Well, we already have inserted the information of the ontology, and we have the fields to be taken into account. Finally, we have to choose the time windows; that is to say, we have indicate how often we want to group the data.
As before, we have two important parameters to define, which are:
- Window type: here we specify the temporal grouping that interests us. You can choose between minutes, hours, days or months.
- Window frequency: here you specify how often a data will be input into the ontology. As a requirement, the time unit must always be one step below the window type; that is, if you select a window of hours, you can choose a frequency of either minutes or seconds. The options are: seconds, minutes, hours, days and months (the latter will not work because of what I have already told you).
And how did I create my ontology? Let’s recapitulate a little: I receive data every minute, so my window frequency will be every minute. As I want to the evolution of temperature and humidity in the last hour, one of my windows will be the hourly one. And, as I was already working on that, I will generate another daily window, to get information for the days of the week.
Incidentally, know that the deletion policies are not yet available, so that won’t work if you try to use it. To clean the ontology you will have to generate a Flow Engine or Data Flow that will dry-clean the ontology.
Next, we will create the ontology and that’s it, we would have it already. To understand how all this works, we can enter some invent® values using the ontology’s CRUD, to see how they are used.
To do this, we go to the list of ontologies and look for our own. Then, we click on the «CRUD» button.
If you use the same fields as I do, you will have an ontology structure like this:
{
"TimeSerie": {
"timestamp": {
"$date": ""
},
"deviceId": "",
"location": "",
"temperature": 0,
"humidity": 0
}
}
An important issue that does not happen with the normal ontologies is that the «timestamp» field is not automatically created, but instead you need to enter it manually so that the new records can be created (in the normal ontologies this field is created automatically in the contextData property).
A couple of examples of records to be introduced in the ontology would be:
{
"TimeSerie": {
"timestamp": {
"$date": "2020-09-30T07:00:00Z"
},
"deviceId": "test",
"location": "universe",
"temperature": 23.4,
"humidity": 56.1
}
}
{
"TimeSerie": {
"timestamp": {
"$date": "2020-09-30T14:00:00Z"
},
"deviceId": "test",
"location": "universe",
"temperature": 27.3,
"humidity": 66.6
}
}
After entering these two records, if we go to our beloved Query Tool and run a query on the Time Series ontology we have created, we should receive eight records in total.
Uh? What do you mean, eight (8)? But I have only entered two records… Well, everything has its explanation.

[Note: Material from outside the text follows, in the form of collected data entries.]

lemma hilbert_metric_grad_le:
  assumes f: "\<forall>J\<in>tidx m d. 0 \<le> f J" and dpos: "\<forall>l<m. 0 < d l" and k: "k < m"
    and x: "\<forall>l<m. l \<noteq> k \<longrightarrow> (\<forall>j<d l. 0 < x l j)"
    and y: "\<forall>l<m. l \<noteq> k \<longrightarrow> (\<forall>j<d l. 0 < y l j)"
    and grad_y: "\<forall>j<d k. 0 < grad m d f k y j"
  shows "hilbert_metric (d k) (grad m d f k x) (grad m d f k y)
           \<le> (\<Sum>l\<in>{..<m}-{k}. hilbert_metric (d l) (x l) (y l))"
proof -
  let ?K = "{..<m}-{k}"
  define lo where "lo l = Min ((\<lambda>j. x l j / y l j) ` {..<d l})" for l
  define hi where "hi l = Max ((\<lambda>j. x l j / y l j) ` {..<d l})" for l
  have block: "0 < lo l \<and> (\<forall>j<d l. lo l * y l j \<le> x l j \<and> x l j \<le> hi l * y l j) \<and>
      hilbert_metric (d l) (x l) (y l) = ln (hi l) - ln (lo l)" if "l \<in> ?K" for l
    using hilbert_metric_Min_Max[of "d l" "x l" "y l"] that dpos x y unfolding lo_def hi_def by auto
  have hi_pos: "0 < hi l" if "l \<in> ?K" for l
  proof -
    have "lo l \<le> hi l" unfolding lo_def hi_def by (rule Min_le_Max) (use that dpos in auto)
    with block[OF that] show ?thesis by linarith
  qed
  have "\<forall>j<d k. prod lo ?K * grad m d f k y j \<le> grad m d f k x j \<and>
      grad m d f k x j \<le> prod hi ?K * grad m d f k y j"
    using block y by (intro allI impI grad_sandwich[OF f]) (auto intro: less_imp_le)
  then have "hilbert_metric (d k) (grad m d f k x) (grad m d f k y) \<le> ln (prod hi ?K) - ln (prod lo ?K)"
    using block dpos k grad_y by (intro hilbert_metric_le) (auto intro: prod_pos)
  also have "\<dots> = (\<Sum>l\<in>?K. ln (hi l) - ln (lo l))"
  proof -
    have "ln (prod hi ?K) = (\<Sum>l\<in>?K. ln (hi l))" "ln (prod lo ?K) = (\<Sum>l\<in>?K. ln (lo l))"
      using block hi_pos by (intro ln_prod; force)+
    then show ?thesis by (simp add: sum_subtractf)
  qed
  also have "\<dots> = (\<Sum>l\<in>?K. hilbert_metric (d l) (x l) (y l))"
    using block by simp
  finally show ?thesis .
qed

lemma psi_eq_powr: "0 < y j \<Longrightarrow> psi q y j = y j powr (q - 1)"
  unfolding psi_def by simp

lemma conj_exp_minus_one: "1 < p \<Longrightarrow> conj_exp p - 1 = 1 / (p - 1)"
  unfolding conj_exp_def by (simp add: field_simps)

lemma pnorm_pos:
  assumes "0 < n" "\<forall>j<n. 0 < v j"
  shows "0 < pnorm p n v"
proof -
  have "0 < (\<Sum>j<n. \<bar>v j\<bar> powr p)"
    using assms by (intro sum_pos) (auto simp: less_imp_neq[symmetric])
  then show ?thesis unfolding pnorm_def by simp
qed

lemma mu_eq_sum_hilbert_metric:
  assumes dpos: "\<forall>l<m. 0 < d l" and p: "\<forall>l<m. l \<noteq> i \<longrightarrow> 1 < p l"
    and x: "\<forall>l<m. l \<noteq> i \<longrightarrow> (\<forall>j<d l. 0 < x l j)"
    and y: "\<forall>l<m. l \<noteq> i \<longrightarrow> (\<forall>j<d l. 0 < y l j)"
  shows "mu m d p i x y = (\<Sum>l\<in>{..<m}-{i}. (p l - 1) * hilbert_metric (d l) (x l) (y l))"
proof -
  have block: "0 < Max ((\<lambda>j. (x l j / y l j) powr (p l - 1)) ` {..<d l}) /
      Min ((\<lambda>j. (x l j / y l j) powr (p l - 1)) ` {..<d l}) \<and>
    ln (Max ((\<lambda>j. (x l j / y l j) powr (p l - 1)) ` {..<d l}) /
      Min ((\<lambda>j. (x l j / y l j) powr (p l - 1)) ` {..<d l})) =
    (p l - 1) * hilbert_metric (d l) (x l) (y l)" if "l \<in> {..<m}-{i}" for l
    using ln_Max_div_Min_ratio_powr[of "d l" "x l" "y l" "p l - 1"] that dpos p x y by auto
  then show ?thesis
    unfolding mu_def by (subst ln_prod) (force intro: sum.cong)+
qed

lemma sum_scaled_total_minus_le:
  fixes h w :: "'a \<Rightarrow> real"
  assumes "finite K" "\<forall>l\<in>K. 0 \<le> h l" "\<forall>l\<in>K. real (card K) * c \<le> w l + 1"
  shows "(\<Sum>k\<in>K. c * sum h K - h k) \<le> (\<Sum>l\<in>K. w l * h l)"
proof -
  have "(\<Sum>k\<in>K. c * sum h K - h k) = (real (card K) * c - 1) * sum h K"
    by (simp add: sum_subtractf algebra_simps)
  also have "\<dots> = (\<Sum>l\<in>K. (real (card K) * c - 1) * h l)"
    by (rule sum_distrib_left)
  also have "\<dots> \<le> (\<Sum>l\<in>K. w l * h l)"
    using assms by (intro sum_mono mult_right_mono) auto
  finally show ?thesis .
qed

context
  fixes m :: nat and d :: "nat \<Rightarrow> nat" and f :: "(nat \<Rightarrow> nat) \<Rightarrow> real"
  assumes dpos: "\<forall>k<m. 0 < d k" and fnonneg: "\<forall>J\<in>tidx m d. 0 \<le> f J"
    and irr: "weakly_irreducible m d f" and two_le_m: "2 \<le> m"
begin

lemma psi_grad_pos:
  assumes "k < m" "\<forall>l<m. l \<noteq> k \<longrightarrow> (\<forall>j<d l. 0 < x l j)"
  shows "\<forall>j<d k. 0 < psi q (grad m d f k x) j"
proof (intro allI impI)
  fix j assume "j < d k"
  then have "0 < grad m d f k x j" by (rule grad_pos[OF irr dpos fnonneg two_le_m assms(1) _ assms(2)])
  then show "0 < psi q (grad m d f k x) j" by (simp add: psi_eq_powr)
qed

lemma hilbert_metric_psi_grad_le:
  assumes k: "k < m" and q: "1 < q"
    and x: "\<forall>l<m. l \<noteq> k \<longrightarrow> (\<forall>j<d l. 0 < x l j)"
    and y: "\<forall>l<m. l \<noteq> k \<longrightarrow> (\<forall>j<d l. 0 < y l j)"
  shows "(q - 1) * hilbert_metric (d k) (psi (conj_exp q) (grad m d f k x)) (psi (conj_exp q) (grad m d f k y))
           \<le> (\<Sum>l\<in>{..<m}-{k}. hilbert_metric (d l) (x l) (y l))"
proof -
  let ?gx = "grad m d f k x" and ?gy = "grad m d f k y"
  have gx: "\<forall>j<d k. 0 < ?gx j" and gy: "\<forall>j<d k. 0 < ?gy j"
    using grad_pos[OF irr dpos fnonneg two_le_m k] x y by auto
  have "hilbert_metric (d k) (psi (conj_exp q) ?gx) (psi (conj_exp q) ?gy)
      = hilbert_metric (d k) (\<lambda>j. ?gx j powr (1 / (q - 1))) (\<lambda>j. ?gy j powr (1 / (q - 1)))"
    using gx gy by (intro hilbert_metric_cong) (simp_all add: psi_eq_powr conj_exp_minus_one[OF q])
  also have "\<dots> = 1 / (q - 1) * hilbert_metric (d k) ?gx ?gy"
    using gx gy dpos k q by (intro hilbert_metric_powr) auto
  finally have "(q - 1) * hilbert_metric (d k) (psi (conj_exp q) ?gx) (psi (conj_exp q) ?gy)
      = hilbert_metric (d k) ?gx ?gy" using q by simp
  also have "\<dots> \<le> (\<Sum>l\<in>{..<m}-{k}. hilbert_metric (d l) (x l) (y l))"
    by (rule hilbert_metric_grad_le[OF fnonneg dpos k x y gy])
  finally show ?thesis .
qed

lemma s_map_pos:
  assumes i: "i < m" and k: "k < m" and x: "\<forall>l<m. l \<noteq> i \<longrightarrow> (\<forall>j<d l. 0 < x l j)"
  shows "\<forall>j<d k. 0 < s_map m d f p i k x j"
proof -
  have "\<forall>l<m. l \<noteq> k \<longrightarrow> (\<forall>j<d l. 0 < (x(i := psi (conj_exp (p i)) (grad m d f i x))) l j)"
    using x psi_grad_pos[OF i x] by auto
  then show ?thesis unfolding s_map_def by (rule psi_grad_pos[OF k])
qed

lemma hilbert_metric_s_map_le:
  assumes p: "\<forall>l<m. 1 < p l" and i: "i < m" and k: "k < m" "k \<noteq> i"
    and x: "\<forall>l<m. l \<noteq> i \<longrightarrow> (\<forall>j<d l. 0 < x l j)"
    and y: "\<forall>l<m. l \<noteq> i \<longrightarrow> (\<forall>j<d l. 0 < y l j)"
  shows "(p k - 1) * hilbert_metric (d k) (s_map m d f p i k x) (s_map m d f p i k y)
           \<le> conj_exp (p i) * (\<Sum>l\<in>{..<m}-{i}. hilbert_metric (d l) (x l) (y l))
             - hilbert_metric (d k) (x k) (y k)"
proof -
  define H where "H l = hilbert_metric (d l) (x l) (y l)" for l
  define ux where "ux = psi (conj_exp (p i)) (grad m d f i x)"
  define uy where "uy = psi (conj_exp (p i)) (grad m d f i y)"
  let ?x' = "x(i := ux)" and ?y' = "y(i := uy)"
  have "(p i - 1) * hilbert_metric (d i) ux uy \<le> sum H ({..<m}-{i})"
    unfolding ux_def uy_def H_def using p i x y by (intro hilbert_metric_psi_grad_le) auto
  then have u: "hilbert_metric (d i) ux uy \<le> (conj_exp (p i) - 1) * sum H ({..<m}-{i})"
    using p i by (simp add: conj_exp_minus_one field_simps)
  have "\<forall>l<m. l \<noteq> k \<longrightarrow> (\<forall>j<d l. 0 < ?x' l j)" "\<forall>l<m. l \<noteq> k \<longrightarrow> (\<forall>j<d l. 0 < ?y' l j)"
    unfolding ux_def uy_def using x y psi_grad_pos[OF i x] psi_grad_pos[OF i y] by auto
  then have "(p k - 1) * hilbert_metric (d k) (s_map m d f p i k x) (s_map m d f p i k y)
      \<le> (\<Sum>l\<in>{..<m}-{k}. hilbert_metric (d l) (?x' l) (?y' l))"
    unfolding s_map_def ux_def uy_def using p k by (intro hilbert_metric_psi_grad_le) auto
  also have "\<dots> = hilbert_metric (d i) ux uy + (\<Sum>l\<in>{..<m}-{i}-{k}. H l)"
  proof -
    have "{..<m}-{k} = insert i ({..<m}-{i}-{k})" using i k by auto
    then show ?thesis unfolding H_def by (simp add: sum.insert_remove)
  qed
  also have "(\<Sum>l\<in>{..<m}-{i}-{k}. H l) = sum H ({..<m}-{i}) - H k"
    using k by (simp add: sum_diff1)
  finally show ?thesis
    using u unfolding H_def by (simp add: algebra_simps)
qed

lemma hilbert_metric_G_map_le:
  assumes p: "\<forall>l<m. 1 < p l" and i: "i < m" and k: "k < m" "k \<noteq> i"
    and x: "\<forall>l<m. l \<noteq> i \<longrightarrow> (\<forall>j<d l. 0 < x l j)"
    and y: "\<forall>l<m. l \<noteq> i \<longrightarrow> (\<forall>j<d l. 0 < y l j)"
  shows "(p k - 1) * hilbert_metric (d k) (G_map m d f p i x k) (G_map m d f p i y k)
           \<le> conj_exp (p i) * (\<Sum>l\<in>{..<m}-{i}. hilbert_metric (d l) (x l) (y l))
             - hilbert_metric (d k) (x k) (y k)"
proof -
  have "0 < pnorm (p k) (d k) (s_map m d f p i k x)" "0 < pnorm (p k) (d k) (s_map m d f p i k y)"
    using pnorm_pos s_map_pos[OF i k(1)] x y dpos k by auto
  then have "hilbert_metric (d k) (G_map m d f p i x k) (G_map m d f p i y k)
      = hilbert_metric (d k) (s_map m d f p i k x) (s_map m d f p i k y)"
    unfolding G_map_def using dpos k by (intro hilbert_metric_scale) auto
  then show ?thesis using hilbert_metric_s_map_le[OF assms] by simp
qed

lemma G_map_pos:
  assumes i: "i < m" and k: "k < m" and x: "\<forall>l<m. l \<noteq> i \<longrightarrow> (\<forall>j<d l. 0 < x l j)"
  shows "\<forall>j<d k. 0 < G_map m d f p i x k j"
  using s_map_pos[OF i k x] pnorm_pos[of "d k" "s_map m d f p i k x"] dpos k
  unfolding G_map_def by auto

end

Every record has two defined fields, one for temperature and one for humidity. This means that, for the hour window, we have two temperature records and two humidity records. That makes four. And let’s not forget the window of days… which adds up to another four. There you are, we have our eight records.
As these are a lot of data grouped in clusters, it is best if you enter CloudLab and look for the ontology «arduinoDHT22_timeseries». Take a look at it with the Query Tool and you can then browse through the records.
Okay, I have a lot of data, so how do I get it out of there and group it or whatever? Well, for this we have our friends the Datasources, working in a similar way as we would do in a common Ontology. If you are interested, in the third part of the IoT series of being around the house we focus on them, as well as in this entry of the training workshop that we published a short time ago.
What do you think? Do you think you can take advantage of this type of Ontology?